Project 3 – Impact of the Cystic Fibrosis lung environment on filamentous fungal pathogenesis and host defense responses. Cystic Fibrosis (CF) patients face long term and persistent infection with filamentous fungi such as Aspergillus fumigatus that leads to lung function decline. In particular, CF patients are at risk for development of the disease Allergic Bronchopulmonary Aspergillosis (ABPA) which is characterized in part by an extreme Th2 like inflammatory response in the face of persistent fungal growth in the airways. Mechanisms of A. fumigatus pathogenesis in the CF lung are poorly understood and treatments for ABPA are often unsuccessful. We are utilizing a series of longitudinal A. fumigatusclinical isolates from CF patients provided by the Cystic Fibrosis Research Foundation funded Dartmouth Translational Research Core to uncover genes driving A. fumigatus persistence in the CF lung. In addition, we are developing a new murine model of ABPA that is based on the ability of a recently isolated A. fumigatus strain to persistent in the lung. These tools will allow us to address fundamental questions related to fungal infection in CF patients such as how new CF therapeutics impact fungal and host defense responses.
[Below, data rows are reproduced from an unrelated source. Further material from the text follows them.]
(* Let $\theta,\phi,\rho\in\mathrm{Mat}_{s\times s}(\bar k[\sigma])$ satisfy $(\partial\theta-T\mathbf 1_s)^s=0$, $\theta\phi=\phi\rho$, $(\partial\rho-T\mathbf 1_s)^s=0$, and assume the map $x\mapsto x\phi$ on $\mathrm{Mat}_{1\times s}(\bar k[\sigma])$ is injective. Then $\det\partial\phi\ne0$.
   Context: $\bar k$ is the algebraic closure of $k=\mathbb F_q(T)$. $\bar k[\sigma]$ is the noncommutative polynomial ring in $\sigma$ with $\sigma x=x^{q^{-1}}\sigma$ for $x\in\bar k$. For a matrix $\phi=\sum_i a_{(i)}\sigma^i$ with entries in $\bar k[\sigma]$ (the $a_{(i)}$ matrices over $\bar k$), $\partial\phi:=a_{(0)}$. $\mathbf 1_s$ is the $s\times s$ identity matrix. *)

theory Defs
  imports "HOL-Algebra.Algebraic_Closure_Type" "HOL-Computational_Algebra.Fraction_Field"
    "Jordan_Normal_Form.Determinant"
begin

(* kbar = algebraic closure of k = F_q(T), where F_q is the finite field 'f, q = CARD('f) *)
type_synonym 'f kbar = "'f poly fract alg_closure"

definition Tk :: "'f::{finite,field} kbar" where
  "Tk = to_ac (Fract [:0, 1:] 1)"

definition frob_inv :: "'f::{finite,field} kbar \<Rightarrow> 'f kbar" where
  "frob_inv x = (THE y. y ^ card (UNIV :: 'f set) = x)"

(* An n x m matrix over kbar[sigma] is represented by its coefficient matrices:
   phi = sum_i A i * sigma^i, with A i an n x m matrix over kbar, finitely many nonzero. *)
type_synonym 'f smat = "nat \<Rightarrow> 'f kbar mat"

definition is_smat :: "nat \<Rightarrow> nat \<Rightarrow> 'f::{finite,field} smat \<Rightarrow> bool" where
  "is_smat n m A \<longleftrightarrow> (\<forall>i. A i \<in> carrier_mat n m) \<and> (\<exists>N. \<forall>i\<ge>N. A i = 0\<^sub>m n m)"

(* product of an n x k and a k x m matrix over kbar[sigma], using sigma x = x^(q^-1) sigma:
   (sum_i A_i sigma^i)(sum_j B_j sigma^j) = sum_{i,j} A_i B_j^(q^-i) sigma^(i+j) *)
definition sprod :: "nat \<Rightarrow> nat \<Rightarrow> nat \<Rightarrow> 'f::{finite,field} smat \<Rightarrow> 'f smat \<Rightarrow> 'f smat" where
  "sprod n k m A B = (\<lambda>d. mat n m (\<lambda>(r, c).
      \<Sum>i\<le>d. \<Sum>l<k. A i $$ (r, l) * (frob_inv ^^ i) (B (d - i) $$ (l, c))))"

definition sdel :: "'f::{finite,field} smat \<Rightarrow> 'f kbar mat" where
  "sdel A = A 0"

end

theory Submission
  imports Defs "HOL-Library.Function_Algebras" "HOL-Library.Cardinality"
begin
Project 4 – Mechanisms of ocular drug-antifungal drug synergy for the treatment of fungal keratitis. Fungal keratitis is a devastating disease most commonly found in tropical and sub-tropical regions of the world. Infection of the eye with filamentous fungi such as Aspergillus and Fusarium species can lead to loss of vision. In collaboration with Dr. Michael Zegans at Dartmouth Hitchcock Medical Center and the Aravind Eye Hospital in India, we are exploring new approaches for the treatment of fungal keratitis. Recently, we discovered that commonly used ocular drugs have potential synergistic activity when combined with existing antifungals (Natamycin and Voriconazole) against Fusarium and Aspergillus species (Rees et al 2019 Antimicrobial Agents and Chemotherapy). Ongoing studies seek to define the mechanism of action of these ocular drugs against fungi and to utilize a series of clinical Fusarium keratitis isolates to better understand keratitis pathogenesis mechanisms in these increasingly common eye infections.